Java with Joe

Think less about your personal brand…and more about being a person.

It’s a new year and many of us are thinking about what we might like to do differently in 2017. Many self-improvement gurus—folks like Tom Peters—would suggest that one step we absolutely must take if we want to succeed in life is to create a powerful “personal brand.” Writing in Fast Company way back in 1997, Peters wrote:

Regardless of age, regardless of position, regardless of the business we happen to be in, all of us need to understand the importance of branding. We are CEOs of our own companies: Me Inc. To be in business today, our most important job is to be head marketer for the brand called You.

Google “personal brand” today and you’ll come up with over 68 Million hits; check out Amazon and you’ll find over 300,000 books promising to help you craft or improve your personal brand.

I can’t say that I’m crazy about the term personal brand itself, because contrary to what Mr. Peters and others say, I find it hard to think about people the same way I think of laundry detergent or running shoes or any other product. I also have a problem with much of what’s written about “personal branding” because so much of it is about crafting an image of yourself and getting maximum visibility for that image in the market place. It’s like selling Tide detergent or Nike shoes.

In other words, personal branding strikes me as being more about style, image, and connections than it is about being a person of substance.

What others think about you is certainly important. Your personal reputation (my preferred term) walks in the room ahead of you, and often shapes whether or not people in that room are willing to listen to you, trust you, or follow you. But that’s not about image. No—you build a reputation that inspires trust not by worrying about your image, but by treating others with the respect and dignity they deserve, by helping them succeed, by delivering on the promises you make. You build a reputation that inspires trust by not focusing first on yourself.

So let me suggest that this year, instead of working on your personal brand, you work on yourself as a person. We could all benefit from asking ourselves questions like these:

  • What are my personal core values?
  • What values motivate me to do the work I’m doing?
  • Do I consistently live my values, in the actions I take and the decisions I make?
  • Do I listen to others more than I talk about myself? Am I viewed as a person who has “warmth”?
  • Do I consistently look for ways to help others succeed?

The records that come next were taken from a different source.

lemma recursive_sum [recursive_intros]:
  assumes "recursive (Suc n) (\<lambda>ys. E (ys ! 0) (tl ys))" "recursive n b"
  shows "recursive n (\<lambda>xs. \<Sum>t<b xs. (E t xs :: nat))"
proof -
  let ?gs = "(\<lambda>ys. ys ! 0) # map (\<lambda>i ys. ys ! Suc (Suc i)) [0..<n]"
  have "recursive (Suc (Suc n)) (\<lambda>zs. (\<lambda>ys. E (ys ! 0) (tl ys)) (map (\<lambda>g. g zs) ?gs))"
    by (rule recursive_comp[OF assms(1)]) (auto intro: recursive_proj)
  then have "recursive (Suc (Suc n)) (\<lambda>ys. E (ys ! 0) (tl (tl ys)))"
  proof (rule recursive_cong)
    fix xs :: "nat list" assume "length xs = Suc (Suc n)"
    then obtain y z ys where "xs = y # z # ys" "length ys = n" by (metis length_Suc_conv)
    then show "(\<lambda>ys. E (ys ! 0) (tl ys)) (map (\<lambda>g. g xs) ?gs) = E (xs ! 0) (tl (tl xs))"
      by (simp add: comp_def) (metis map_nth)
  qed
  moreover have "(\<Sum>t<b. f t) = rec_nat 0 (\<lambda>k r. r + f k) b" for b and f :: "nat \<Rightarrow> nat"
    by (induct b) auto
  ultimately show ?thesis
    using assms(2) by (simp, intro recursive_intros) simp_all
qed

lemma recursive_triangle [recursive_intros]: "recursive n a \<Longrightarrow> recursive n (\<lambda>xs. triangle (a xs))"
proof -
  have "rec_nat 0 (\<lambda>k r. Suc (r + k)) a = triangle a" for a
    by (induct a) auto
  moreover assume "recursive n a"
  then have "recursive n (\<lambda>xs. rec_nat 0 (\<lambda>k r. Suc (r + k)) (a xs))"
    by (intro recursive_intros) simp_all
  ultimately show ?thesis
    by simp
qed

lemma recursive_power2 [recursive_intros]: "recursive n a \<Longrightarrow> recursive n (\<lambda>xs. 2 ^ a xs)"
proof -
  have "rec_nat 1 (\<lambda>k r. r + r) a = (2::nat) ^ a" for a
    by (induct a) auto
  moreover assume "recursive n a"
  then have "recursive n (\<lambda>xs. rec_nat 1 (\<lambda>k r. r + r) (a xs))"
    by (intro recursive_intros) simp_all
  ultimately show ?thesis
    by simp
qed

lemma recursive_prod_encode [recursive_intros]:
  "recursive n a \<Longrightarrow> recursive n b \<Longrightarrow> recursive n (\<lambda>xs. prod_encode (a xs, b xs))"
proof -
  assume "recursive n a" "recursive n b"
  then have "recursive n (\<lambda>xs. triangle (a xs + b xs) + a xs)"
    by (intro recursive_intros)
  then show ?thesis
    by (simp add: prod_encode_def)
qed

I think the best way to succeed in life—which certainly includes succeeding in your career—is to consistently live your values and consistently help others succeed. Do that and people will perceive you as someone they can count on to make the right decisions in difficult situations. Do that and they’ll view you as a values-driven person—someone driven by a higher sense of purpose rather than a desire to polish your “brand.” Do that and you’ll be respected because you respect others, because you take the time to really listen to them, instead of just looking for ways to advance your own opinions. Do that and you’ll build a personal reputation and a presence that inspires others to believe in you, trust you, and follow you.

Do that and you won’t have to worry about your personal brand. It will take care of itself. 

That’s what I think. As always, please let me know what you think.